| Your instructions |
Using the records that follow, copy every line containing the word "with".

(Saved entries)
(* Let $(n_k,f^{(k)})_{k\ge1}$ be a sequence with $n_k\to\infty$, $f^{(k)}\in\mathcal K$, $\rho(f^{(k)})\to1$ and $\rho(f^{(k)})\ne1$; write $n=n_k$, $\rho=\rho(f^{(k)})$ and evaluate $u,v$ and the law of the process at $f^{(k)}$. Then for all $m,l\in\{1,\dots,d\}$, $$\frac{E(Y_{n,l}\mid Z_0=e_m)}{\frac{1-\rho^{n+1}}{1-\rho}u_mv_l}\to1\qquad(k\to\infty).$$
   Context: Fix $d\ge1$, $X=\mathbb Z_{\ge0}^d$, $C=[0,1]^d$; $s^\alpha=\prod_is_i^{\alpha_i}$. A $d$-type Galton–Watson process $(Z_n)_{n\ge0}$ in $X$ has offspring p.g.f. $f=(f_1,\dots,f_d)'$, $f_k(s)=\sum_{i\in X}p_k(i)s^i$; $Y_n=\sum_{j=0}^nZ_j=(Y_{n,1},\dots,Y_{n,d})'$ is the total progeny. $M=(\partial f_k(\mathbf 1)/\partial s_l)_{k,l}$, $b^k_{lm},c^k_{lmj}$ the second and third partial derivatives of $f_k$ at $\mathbf 1$. For fixed $a,b,c>0$, $U\in\mathbb N$, $\mathcal K=\mathcal K(a,b,c,U)$ is the class of such $f$ with $[M^U]_{kl}\ge a$ for all $k,l$, $\sum b^k_{lm}\ge b$, $\sum c^k_{lmj}\le c$. $\rho$ is the Perron root of $M$, $u,v$ its right and left (column) eigenvectors normalized by $\sum_ku_k=1$, $\sum_ku_kv_k=1$. *)

theory Defs
  imports "HOL-Probability.Probability"
begin

text \<open>Types are indexed by 0..d-1 (the paper's 1..d shifted). A population vector is a
function nat => nat; only coordinates below d are meaningful.
An offspring law is p :: nat => (nat => nat) pmf, p k the offspring distribution of a
type-k individual (equivalently the p.g.f. f_k).\<close>

definition unitv :: "nat \<Rightarrow> nat \<Rightarrow> nat" where
  "unitv m = (\<lambda>i. if i = m then 1 else 0)"

definition offspring_law :: "nat \<Rightarrow> (nat \<Rightarrow> (nat \<Rightarrow> nat) pmf) \<Rightarrow> bool" where
  "offspring_law d p \<longleftrightarrow> (\<forall>k<d. \<forall>x\<in>set_pmf (p k). \<forall>i\<ge>d. x i = 0)"

text \<open>Mean matrix M_{kl} = df_k/ds_l (1) = E(offspring of type l of a type-k parent).\<close>
definition mean_mat :: "(nat \<Rightarrow> (nat \<Rightarrow> nat) pmf) \<Rightarrow> nat \<Rightarrow> nat \<Rightarrow> real" where
  "mean_mat p k l = measure_pmf.expectation (p k) (\<lambda>x. real (x l))"

text \<open>Second and third partial derivatives of f_k at 1 (factorial moments), valued in
[0,\<infinity>].\<close>
definition deriv2 :: "(nat \<Rightarrow> (nat \<Rightarrow> nat) pmf) \<Rightarrow> nat \<Rightarrow> nat \<Rightarrow> nat \<Rightarrow> ennreal" where
  "deriv2 p k l m = (\<integral>\<^sup>+ x. ennreal (real (x l * (x m - (if l = m then 1 else 0)))) \<partial>measure_pmf (p k))"

definition deriv3 :: "(nat \<Rightarrow> (nat \<Rightarrow> nat) pmf) \<Rightarrow> nat \<Rightarrow> nat \<Rightarrow> nat \<Rightarrow> nat \<Rightarrow> ennreal" where
  "deriv3 p k l m j = (\<integral>\<^sup>+ x. ennreal (real (x l * (x m - (if l = m then 1 else 0))
       * (x j - (if l = j then 1 else 0) - (if m = j then 1 else 0)))) \<partial>measure_pmf (p k))"

definition matmul :: "nat \<Rightarrow> (nat \<Rightarrow> nat \<Rightarrow> real) \<Rightarrow> (nat \<Rightarrow> nat \<Rightarrow> real) \<Rightarrow> nat \<Rightarrow> nat \<Rightarrow> real" where
  "matmul d A B = (\<lambda>i j. \<Sum>r<d. A i r * B r j)"

fun matpow :: "nat \<Rightarrow> (nat \<Rightarrow> nat \<Rightarrow> real) \<Rightarrow> nat \<Rightarrow> nat \<Rightarrow> nat \<Rightarrow> real" where
  "matpow d A 0 = (\<lambda>i j. if i = j then 1 else 0)"
| "matpow d A (Suc n) = matmul d (matpow d A n) A"

definition classK :: "nat \<Rightarrow> real \<Rightarrow> real \<Rightarrow> real \<Rightarrow> nat \<Rightarrow> (nat \<Rightarrow> (nat \<Rightarrow> nat) pmf) \<Rightarrow> bool" where
  "classK d a b c U p \<longleftrightarrow> offspring_law d p
     \<and> (\<forall>k<d. \<forall>l<d. matpow d (mean_mat p) U k l \<ge> a)
     \<and> (\<Sum>k<d. \<Sum>l<d. \<Sum>m<d. deriv2 p k l m) \<ge> ennreal b
     \<and> (\<Sum>k<d. \<Sum>l<d. \<Sum>m<d. \<Sum>j<d. deriv3 p k l m j) \<le> ennreal c"

definition is_eigenvalue :: "nat \<Rightarrow> (nat \<Rightarrow> nat \<Rightarrow> real) \<Rightarrow> complex \<Rightarrow> bool" where
  "is_eigenvalue d A mu \<longleftrightarrow> (\<exists>x :: nat \<Rightarrow> complex. (\<exists>i<d. x i \<noteq> 0) \<and>
      (\<forall>i<d. (\<Sum>j<d. complex_of_real (A i j) * x j) = mu * x i))"

definition perron_root :: "nat \<Rightarrow> (nat \<Rightarrow> nat \<Rightarrow> real) \<Rightarrow> real" where
  "perron_root d A = Max {cmod mu | mu. is_eigenvalue d A mu}"

fun iid_sum :: "(nat \<Rightarrow> nat) pmf \<Rightarrow> nat \<Rightarrow> (nat \<Rightarrow> nat) pmf" where
  "iid_sum q 0 = return_pmf (\<lambda>_. 0)"
| "iid_sum q (Suc n) = bind_pmf q (\<lambda>x. map_pmf (\<lambda>y i. x i + y i) (iid_sum q n))"

fun gw_step_upto :: "(nat \<Rightarrow> (nat \<Rightarrow> nat) pmf) \<Rightarrow> (nat \<Rightarrow> nat) \<Rightarrow> nat \<Rightarrow> (nat \<Rightarrow> nat) pmf" where
  "gw_step_upto p z 0 = return_pmf (\<lambda>_. 0)"
| "gw_step_upto p z (Suc k) =
     bind_pmf (iid_sum (p k) (z k)) (\<lambda>x. map_pmf (\<lambda>y i. x i + y i) (gw_step_upto p z k))"

definition gw_step :: "nat \<Rightarrow> (nat \<Rightarrow> (nat \<Rightarrow> nat) pmf) \<Rightarrow> (nat \<Rightarrow> nat) \<Rightarrow> (nat \<Rightarrow> nat) pmf" where
  "gw_step d p z = gw_step_upto p z d"

fun gw_path :: "nat \<Rightarrow> (nat \<Rightarrow> (nat \<Rightarrow> nat) pmf) \<Rightarrow> (nat \<Rightarrow> nat) \<Rightarrow> nat \<Rightarrow> (nat \<Rightarrow> nat) list pmf" where
  "gw_path d p z0 0 = return_pmf [z0]"
| "gw_path d p z0 (Suc n) =
     bind_pmf (gw_path d p z0 n) (\<lambda>zs. map_pmf (\<lambda>z'. zs @ [z']) (gw_step d p (last zs)))"

text \<open>E(Y_{n,l} | Z_0 = e_m), where Y_n = Z_0 + ... + Z_n is the total progeny.\<close>
definition exp_total_progeny :: "nat \<Rightarrow> (nat \<Rightarrow> (nat \<Rightarrow> nat) pmf) \<Rightarrow> nat \<Rightarrow> nat \<Rightarrow> nat \<Rightarrow> real" where
  "exp_total_progeny d p m n l =
     measure_pmf.expectation (gw_path d p (unitv m) n) (\<lambda>zs. real (\<Sum>z\<leftarrow>zs. z l))"

end

theory Submission
  imports Defs "Jordan_Normal_Form.Spectral_Radius"
begin

(* The expected total progeny is a partial sum of powers of the mean matrix:
   E(Y_{n,l} | Z_0 = e_m) = sum_{j<=n} (M^j)_{ml}.  Uniform primitivity M^U >= a makes the
   Perron vectors u, v positive with u_i, v_i >= a / rho^U, and lets M / rho shrink the
   oscillation of column ratios by the factor 1 - a / rho^U every U steps (a Doeblin
   argument), so that |(M^j)_{ml} - rho^j u_m v_l| <= (rho^U / a) rho^j (1 - a / rho^U)^(j div U).
   For rho close to 1 these errors have a sum bounded uniformly in k, whereas
   sum_{j<=n} rho^j = (1 - rho^(n+1)) / (1 - rho) tends to infinity; dividing gives the limit 1.
   Positivity of the Perron vectors comes from the Jordan normal form: the powers of M grow
   at most like rho^n times a polynomial, so M |u| >= rho |u| cannot be strict anywhere. *)

section \<open>Powers of matrices given as functions\<close>

definition matvec :: "nat \<Rightarrow> (nat \<Rightarrow> nat \<Rightarrow> real) \<Rightarrow> (nat \<Rightarrow> real) \<Rightarrow> nat \<Rightarrow> real" where
  "matvec d A x = (\<lambda>i. \<Sum>j<d. A i j * x j)"

definition vecmat :: "nat \<Rightarrow> (nat \<Rightarrow> real) \<Rightarrow> (nat \<Rightarrow> nat \<Rightarrow> real) \<Rightarrow> nat \<Rightarrow> real" where
  "vecmat d x A = (\<lambda>j. \<Sum>i<d. x i * A i j)"

lemma vecmat_eq_matvec_transpose: "vecmat d x A = matvec d (\<lambda>i j. A j i) x"
  by (simp add: vecmat_def matvec_def mult.commute)

lemma matpow_add:
  assumes "j < d"
  shows "matpow d A (m + n) i j = (\<Sum>r<d. matpow d A m i r * matpow d A n r j)"
  using assms
proof (induction n arbitrary: j)
  case 0
  have "(\<Sum>r<d. matpow d A m i r * matpow d A 0 r j) = (\<Sum>r\<in>{j}. matpow d A m i r * matpow d A 0 r j)"
    by (rule sum.mono_neutral_right) (use 0 in auto)
  then show ?case by simp
next
  case (Suc n)
  have "matpow d A (m + Suc n) i j = (\<Sum>s<d. \<Sum>r<d. matpow d A m i r * matpow d A n r s * A s j)"
    using Suc.IH by (simp add: matmul_def sum_distrib_right)
  also have "\<dots> = (\<Sum>r<d. \<Sum>s<d. matpow d A m i r * matpow d A n r s * A s j)"
    by (rule sum.swap)
  finally show ?case by (simp add: matmul_def sum_distrib_left mult.assoc)
qed

lemma matpow_1: "i < d \<Longrightarrow> matpow d A 1 i j = A i j"
  by (simp add: matmul_def if_distrib[where f = "\<lambda>x. x * _"] sum.delta cong: if_cong)

lemma matpow_Suc_left:
  assumes "i < d" "j < d"
  shows "matpow d A (Suc n) i j = (\<Sum>r<d. A i r * matpow d A n r j)"
proof -
  have "matpow d A (1 + n) i j = (\<Sum>r<d. A i r * matpow d A n r j)"
    unfolding matpow_add[OF assms(2)] using assms(1) matpow_1[of i d A] by simp
  then show ?thesis by simp
qed

lemma matpow_mult:
  assumes "j < d"
  shows "matpow d (matpow d A U) n i j = matpow d A (U * n) i j"
  using assms
proof (induction n arbitrary: j)
  case (Suc n)
  have "matpow d (matpow d A U) (Suc n) i j = (\<Sum>r<d. matpow d A (U * n) i r * matpow d A U r j)"
    using Suc.IH by (simp add: matmul_def)
  also have "\<dots> = matpow d A (U * Suc n) i j"
    using matpow_add[OF Suc.prems, of A "U * n" U i] by (simp add: add.commute)
  finally show ?case .
qed simp

lemma matpow_transpose:
  assumes "i < d" "j < d"
  shows "matpow d (\<lambda>i j. A j i) n i j = matpow d A n j i"
  using assms
proof (induction n arbitrary: i j)
  case (Suc n)
  have "matpow d (\<lambda>i j. A j i) (Suc n) i j = (\<Sum>r<d. A j r * matpow d A n r i)"
    unfolding matpow.simps matmul_def by (rule sum.cong) (use Suc in \<open>auto simp: mult.commute\<close>)
  then show ?case using matpow_Suc_left[OF Suc.prems(2,1)] by simp
qed simp

lemma matpow_cmult: "matpow d (\<lambda>i j. c * A i j) n i j = c ^ n * matpow d A n i j"
  by (induction n arbitrary: i j) (auto simp: matmul_def sum_distrib_left mult_ac)

lemma matpow_nonneg: "(\<And>i j. 0 \<le> A i j) \<Longrightarrow> 0 \<le> matpow d A n i j"
  by (induction n arbitrary: i j) (auto simp: matmul_def intro!: sum_nonneg)

lemma matvec_matpow_0: "i < d \<Longrightarrow> matvec d (matpow d A 0) x i = x i"
  by (simp add: matvec_def if_distrib[where f = "\<lambda>y. y * _"] sum.delta cong: if_cong)

lemma matvec_matpow_Suc: "matvec d (matpow d A (Suc n)) x = matvec d (matpow d A n) (matvec d A x)"
proof
  fix i
  have "matvec d (matpow d A (Suc n)) x i = (\<Sum>j<d. \<Sum>r<d. matpow d A n i r * A r j * x j)"
    by (simp add: matvec_def matmul_def sum_distrib_right)
  also have "\<dots> = (\<Sum>r<d. \<Sum>j<d. matpow d A n i r * A r j * x j)"
    by (rule sum.swap)
  finally show "matvec d (matpow d A (Suc n)) x i = matvec d (matpow d A n) (matvec d A x) i"
    by (simp add: matvec_def sum_distrib_left mult.assoc)
qed

lemma matvec_mono:
  assumes "\<And>j. j < d \<Longrightarrow> 0 \<le> A i j" "\<And>j. j < d \<Longrightarrow> x j \<le> y j"
  shows "matvec d A x i \<le> matvec d A y i"
  unfolding matvec_def by (rule sum_mono) (use assms in \<open>auto intro: mult_left_mono\<close>)

lemma matvec_cong: "(\<And>j. j < d \<Longrightarrow> x j = y j) \<Longrightarrow> matvec d A x i = matvec d A y i"
  unfolding matvec_def by (rule sum.cong) auto

lemma matvec_cmult: "matvec d A (\<lambda>j. c * x j) i = c * matvec d A x i"
  by (simp add: matvec_def sum_distrib_left mult_ac)

lemma matvec_matpow_eigen:
  assumes "\<And>i. i < d \<Longrightarrow> matvec d A x i = c * x i" "i < d"
  shows "matvec d (matpow d A n) x i = c ^ n * x i"
  using assms(2)
proof (induction n arbitrary: i)
  case (Suc n)
  have "matvec d (matpow d A (Suc n)) x i = matvec d (matpow d A n) (\<lambda>j. c * x j) i"
    unfolding matvec_matpow_Suc by (rule matvec_cong) (rule assms(1))
  also have "\<dots> = c * (c ^ n * x i)"
    unfolding matvec_cmult Suc.IH[OF Suc.prems] ..
  finally show ?case by simp
qed (simp add: matvec_matpow_0 del: matpow.simps)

| Expected answer |
(* Let $(n_k,f^{(k)})_{k\ge1}$ be a sequence with $n_k\to\infty$, $f^{(k)}\in\mathcal K$, $\rho(f^{(k)})\to1$ and $\rho(f^{(k)})\ne1$; write $n=n_k$, $\rho=\rho(f^{(k)})$ and evaluate $u,v$ and the law of the process at $f^{(k)}$. Then for all $m,l\in\{1,\dots,d\}$, $$\frac{E(Y_{n,l}\mid Z_0=e_m)}{\frac{1-\rho^{n+1}}{1-\rho}u_mv_l}\to1\qquad(k\to\infty).$$
   Context: Fix $d\ge1$, $X=\mathbb Z_{\ge0}^d$, $C=[0,1]^d$; $s^\alpha=\prod_is_i^{\alpha_i}$. A $d$-type Galton–Watson process $(Z_n)_{n\ge0}$ in $X$ has offspring p.g.f. $f=(f_1,\dots,f_d)'$, $f_k(s)=\sum_{i\in X}p_k(i)s^i$; $Y_n=\sum_{j=0}^nZ_j=(Y_{n,1},\dots,Y_{n,d})'$ is the total progeny. $M=(\partial f_k(\mathbf 1)/\partial s_l)_{k,l}$, $b^k_{lm},c^k_{lmj}$ the second and third partial derivatives of $f_k$ at $\mathbf 1$. For fixed $a,b,c>0$, $U\in\mathbb N$, $\mathcal K=\mathcal K(a,b,c,U)$ is the class of such $f$ with $[M^U]_{kl}\ge a$ for all $k,l$, $\sum b^k_{lm}\ge b$, $\sum c^k_{lmj}\le c$. $\rho$ is the Perron root of $M$, $u,v$ its right and left (column) eigenvectors normalized by $\sum_ku_k=1$, $\sum_ku_kv_k=1$. *)
   Perron vectors u, v positive with u_i, v_i >= a / rho^U, and lets M / rho shrink the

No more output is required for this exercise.